What is needed: The data must be returned in full, with no character altered.

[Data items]
text \<open>
  Since Phi_p(q) = [p]_q for a prime p, both sequences have the form a_n(q) = [p]_{q^(n/p)} for a
  prime p = sel(n) dividing n, so the term a_{n/d}(q^d) of the products and sums is [p]_{q^(n/p)}
  with p = sel(n/d) as long as d < n. Multiplying or dividing d by a prime t flips the sign of
  mu(d), and when t^2 divides n it does not change the prime factors of n/d: for non-squarefree n
  the two Euler-Gauss products are equal. For squarefree n one product contains a_1(q^n) = q^n - 1
  and the other contains prod_p [p]_{q^(n/p)}, which [n]_q divides because [m]_q and [k]_q are
  coprime for coprime m and k. In the q-Gauss sum at a composite squarefree n, toggling the prime t
  that sel never picks in the presence of another prime (the least prime for G, the greatest for S)
  cancels all terms except those for d = n and d = n/t. Modulo [n]_q this leaves +-[t]_{q^(n/t)},
  a nonzero polynomial of degree n - n/t < n - 1.
\<close>

section \<open>Squarefree numbers, the Moebius function and toggling a prime\<close>

lemma squarefree_nat_gt_0: "squarefree (n :: nat) \<Longrightarrow> n > 0"
  by (metis gr0I not_squarefree_0)

lemma squarefree_not_dvd_div_prime:
  fixes d p :: nat
  assumes "squarefree d" "prime p" "p dvd d"
  shows "\<not> p dvd d div p"
proof
  assume "p dvd d div p"
  with assms(3) have "p ^ 2 dvd d"
    by (metis dvd_div_iff_mult dvd_mult_div_cancel mult_dvd_mono dvd_refl power2_eq_square)
  with assms(1,2) show False
    using not_prime_unit squarefreeD by blast
qed

lemma div_dvd_dividend_nat: "p dvd n \<Longrightarrow> n div p dvd (n :: nat)"
  by (metis dvd_div_mult_self dvd_triv_left)

lemma div_div_self_nat: "p dvd n \<Longrightarrow> n \<noteq> 0 \<Longrightarrow> n div (n div p) = (p :: nat)"
  by (simp add: div_div_eq_right)

lemma prime_factors_nonempty: "(m :: nat) > 1 \<Longrightarrow> prime_factors m \<noteq> {}"
  by (simp add: prime_factorization_empty_iff)

lemma prime_factors_div_eq_insert:
  fixes e p n :: nat
  assumes "prime p" "e * p dvd n" "n \<noteq> 0"
  shows "prime_factors (n div e) = insert p (prime_factors (n div (e * p)))"
proof -
  obtain k where n_eq: "n = e * p * k"
    using assms(2) by blast
  then have "e \<noteq> 0" "k \<noteq> 0"
    using assms(3) by auto
  then have "n div e = p * k"
    by (simp add: n_eq mult.assoc)
  moreover have "n div (e * p) = k"
    using \<open>e \<noteq> 0\<close> prime_gt_0_nat[OF assms(1)] by (simp add: n_eq)
  ultimately show ?thesis
    using assms(1) \<open>k \<noteq> 0\<close> by (simp add: prime_factors_product prime_prime_factors)
qed

lemma prime_factors_div_eq_if_square_dvd:
  fixes e p n :: nat
  assumes "prime p" "p ^ 2 dvd n" "\<not> p dvd e" "e * p dvd n" "n \<noteq> 0"
  shows "prime_factors (n div e) = prime_factors (n div (e * p))"
proof -
  obtain k where n_eq: "n = e * p * k"
    using assms(4) by blast
  have "p * p dvd p * (e * k)"
    using assms(2) by (simp add: n_eq power2_eq_square ac_simps)
  then have "p dvd k"
    using assms(1,3) prime_gt_0_nat[OF assms(1)] by (simp add: prime_dvd_mult_iff)
  moreover have "k \<noteq> 0" "e * p \<noteq> 0"
    using assms(5) n_eq by auto
  ultimately have "p \<in> prime_factors (n div (e * p))"
    using assms(1) by (simp add: n_eq in_prime_factors_iff)
  then show ?thesis
    using prime_factors_div_eq_insert[OF assms(1,4,5)] by (simp add: insert_absorb)
qed

lemma moebius_Suc_0 [simp]: "moebius (Suc 0) = 1"
  by (simp add: moebius_def)

lemma moebius_prime: "prime p \<Longrightarrow> moebius p = -1"
  by (simp add: moebius_def squarefree_prime prime_prime_factors)

lemma squarefree_if_moebius_neq_0: "moebius n \<noteq> 0 \<Longrightarrow> squarefree n"
  by (auto simp: moebius_def split: if_splits)

lemma moebius_squarefree: "squarefree n \<Longrightarrow> moebius n = 1 \<or> moebius n = -1"
  using squarefree_nat_gt_0[of n]
  by (cases "even (card (prime_factors n))") (auto simp: moebius_def)

lemma moebius_mult_prime:
  assumes "squarefree d" "prime p" "\<not> p dvd d"
  shows "moebius (d * p) = - moebius d"
proof -
  have "d \<noteq> 0"
    using assms(1) squarefree_nat_gt_0 by blast
  have "coprime d p"
    using prime_imp_coprime[OF assms(2,3)] by (simp add: coprime_commute)
  with assms(1,2) have "squarefree (d * p)"
    by (simp add: squarefree_mult_coprime squarefree_prime)
  moreover have "prime_factors (d * p) = insert p (prime_factors d)" "p \<notin> prime_factors d"
    using assms \<open>d \<noteq> 0\<close> by (auto simp: prime_factors_product prime_prime_factors)
  ultimately show ?thesis
    using assms \<open>d \<noteq> 0\<close> by (simp add: moebius_def)
qed

lemma moebius_div_prime:
  assumes "squarefree d" "prime p" "p dvd d"
  shows "moebius (d div p) = - moebius d"
proof -
  have "d = d div p * p"
    using assms(3) by simp
  then have "moebius d = - moebius (d div p)"
    using moebius_mult_prime[of "d div p" p] assms squarefree_not_dvd_div_prime squarefree_mono
    by (metis dvd_triv_left)
  then show ?thesis
    by simp
qed

definition toggle_prime :: "nat \<Rightarrow> nat \<Rightarrow> nat" where
  "toggle_prime p d = (if p dvd d then d div p else d * p)"

lemma toggle_prime_cases:
  assumes "prime p" "squarefree d"
  obtains e where "\<not> p dvd e" "d = e" "toggle_prime p d = e * p"
    | e where "\<not> p dvd e" "d = e * p" "toggle_prime p d = e"
proof (cases "p dvd d")
  case True
  then show ?thesis
    using that(2)[of "d div p"] squarefree_not_dvd_div_prime[OF assms(2,1) True]
    by (simp add: toggle_prime_def)
next
  case False
  then show ?thesis
    using that(1)[of d] by (simp add: toggle_prime_def)
qed

lemma toggle_prime_toggle_prime:
  assumes "prime p" "squarefree d"
  shows "toggle_prime p (toggle_prime p d) = d"
  using assms prime_gt_0_nat[OF assms(1)]
  by (cases rule: toggle_prime_cases) (auto simp: toggle_prime_def)

lemma moebius_toggle_prime:
  assumes "prime p" "squarefree d"
  shows "moebius (toggle_prime p d) = - moebius d"
  using assms moebius_mult_prime moebius_div_prime by (simp add: toggle_prime_def)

Task result:
text \<open>
  Since Phi_p(q) = [p]_q for a prime p, both sequences have the form a_n(q) = [p]_{q^(n/p)} for a
  prime p = sel(n) dividing n, so the term a_{n/d}(q^d) of the products and sums is [p]_{q^(n/p)}
  with p = sel(n/d) as long as d < n. Multiplying or dividing d by a prime t flips the sign of
  mu(d), and when t^2 divides n it does not change the prime factors of n/d: for non-squarefree n
  the two Euler-Gauss products are equal. For squarefree n one product contains a_1(q^n) = q^n - 1
  and the other contains prod_p [p]_{q^(n/p)}, which [n]_q divides because [m]_q and [k]_q are
  coprime for coprime m and k. In the q-Gauss sum at a composite squarefree n, toggling the prime t
  that sel never picks in the presence of another prime (the least prime for G, the greatest for S)
  cancels all terms except those for d = n and d = n/t. Modulo [n]_q this leaves +-[t]_{q^(n/t)},
  a nonzero polynomial of degree n - n/t < n - 1.
\<close>

section \<open>Squarefree numbers, the Moebius function and toggling a prime\<close>

lemma squarefree_nat_gt_0: "squarefree (n :: nat) \<Longrightarrow> n > 0"
  by (metis gr0I not_squarefree_0)

lemma squarefree_not_dvd_div_prime:
  fixes d p :: nat
  assumes "squarefree d" "prime p" "p dvd d"
  shows "\<not> p dvd d div p"
proof
  assume "p dvd d div p"
  with assms(3) have "p ^ 2 dvd d"
    by (metis dvd_div_iff_mult dvd_mult_div_cancel mult_dvd_mono dvd_refl power2_eq_square)
  with assms(1,2) show False
    using not_prime_unit squarefreeD by blast
qed

lemma div_dvd_dividend_nat: "p dvd n \<Longrightarrow> n div p dvd (n :: nat)"
  by (metis dvd_div_mult_self dvd_triv_left)

lemma div_div_self_nat: "p dvd n \<Longrightarrow> n \<noteq> 0 \<Longrightarrow> n div (n div p) = (p :: nat)"
  by (simp add: div_div_eq_right)

lemma prime_factors_nonempty: "(m :: nat) > 1 \<Longrightarrow> prime_factors m \<noteq> {}"
  by (simp add: prime_factorization_empty_iff)

lemma prime_factors_div_eq_insert:
  fixes e p n :: nat
  assumes "prime p" "e * p dvd n" "n \<noteq> 0"
  shows "prime_factors (n div e) = insert p (prime_factors (n div (e * p)))"
proof -
  obtain k where n_eq: "n = e * p * k"
    using assms(2) by blast
  then have "e \<noteq> 0" "k \<noteq> 0"
    using assms(3) by auto
  then have "n div e = p * k"
    by (simp add: n_eq mult.assoc)
  moreover have "n div (e * p) = k"
    using \<open>e \<noteq> 0\<close> prime_gt_0_nat[OF assms(1)] by (simp add: n_eq)
  ultimately show ?thesis
    using assms(1) \<open>k \<noteq> 0\<close> by (simp add: prime_factors_product prime_prime_factors)
qed

lemma prime_factors_div_eq_if_square_dvd:
  fixes e p n :: nat
  assumes "prime p" "p ^ 2 dvd n" "\<not> p dvd e" "e * p dvd n" "n \<noteq> 0"
  shows "prime_factors (n div e) = prime_factors (n div (e * p))"
proof -
  obtain k where n_eq: "n = e * p * k"
    using assms(4) by blast
  have "p * p dvd p * (e * k)"
    using assms(2) by (simp add: n_eq power2_eq_square ac_simps)
  then have "p dvd k"
    using assms(1,3) prime_gt_0_nat[OF assms(1)] by (simp add: prime_dvd_mult_iff)
  moreover have "k \<noteq> 0" "e * p \<noteq> 0"
    using assms(5) n_eq by auto
  ultimately have "p \<in> prime_factors (n div (e * p))"
    using assms(1) by (simp add: n_eq in_prime_factors_iff)
  then show ?thesis
    using prime_factors_div_eq_insert[OF assms(1,4,5)] by (simp add: insert_absorb)
qed

lemma moebius_Suc_0 [simp]: "moebius (Suc 0) = 1"
  by (simp add: moebius_def)

lemma moebius_prime: "prime p \<Longrightarrow> moebius p = -1"
  by (simp add: moebius_def squarefree_prime prime_prime_factors)

lemma squarefree_if_moebius_neq_0: "moebius n \<noteq> 0 \<Longrightarrow> squarefree n"
  by (auto simp: moebius_def split: if_splits)

lemma moebius_squarefree: "squarefree n \<Longrightarrow> moebius n = 1 \<or> moebius n = -1"
  using squarefree_nat_gt_0[of n]
  by (cases "even (card (prime_factors n))") (auto simp: moebius_def)

lemma moebius_mult_prime:
  assumes "squarefree d" "prime p" "\<not> p dvd d"
  shows "moebius (d * p) = - moebius d"
proof -
  have "d \<noteq> 0"
    using assms(1) squarefree_nat_gt_0 by blast
  have "coprime d p"
    using prime_imp_coprime[OF assms(2,3)] by (simp add: coprime_commute)
  with assms(1,2) have "squarefree (d * p)"
    by (simp add: squarefree_mult_coprime squarefree_prime)
  moreover have "prime_factors (d * p) = insert p (prime_factors d)" "p \<notin> prime_factors d"
    using assms \<open>d \<noteq> 0\<close> by (auto simp: prime_factors_product prime_prime_factors)
  ultimately show ?thesis
    using assms \<open>d \<noteq> 0\<close> by (simp add: moebius_def)
qed

lemma moebius_div_prime:
  assumes "squarefree d" "prime p" "p dvd d"
  shows "moebius (d div p) = - moebius d"
proof -
  have "d = d div p * p"
    using assms(3) by simp
  then have "moebius d = - moebius (d div p)"
    using moebius_mult_prime[of "d div p" p] assms squarefree_not_dvd_div_prime squarefree_mono
    by (metis dvd_triv_left)
  then show ?thesis
    by simp
qed

definition toggle_prime :: "nat \<Rightarrow> nat \<Rightarrow> nat" where
  "toggle_prime p d = (if p dvd d then d div p else d * p)"

lemma toggle_prime_cases:
  assumes "prime p" "squarefree d"
  obtains e where "\<not> p dvd e" "d = e" "toggle_prime p d = e * p"
    | e where "\<not> p dvd e" "d = e * p" "toggle_prime p d = e"
proof (cases "p dvd d")
  case True
  then show ?thesis
    using that(2)[of "d div p"] squarefree_not_dvd_div_prime[OF assms(2,1) True]
    by (simp add: toggle_prime_def)
next
  case False
  then show ?thesis
    using that(1)[of d] by (simp add: toggle_prime_def)
qed

lemma toggle_prime_toggle_prime:
  assumes "prime p" "squarefree d"
  shows "toggle_prime p (toggle_prime p d) = d"
  using assms prime_gt_0_nat[OF assms(1)]
  by (cases rule: toggle_prime_cases) (auto simp: toggle_prime_def)

lemma moebius_toggle_prime:
  assumes "prime p" "squarefree d"
  shows "moebius (toggle_prime p d) = - moebius d"
  using assms moebius_mult_prime moebius_div_prime by (simp add: toggle_prime_def)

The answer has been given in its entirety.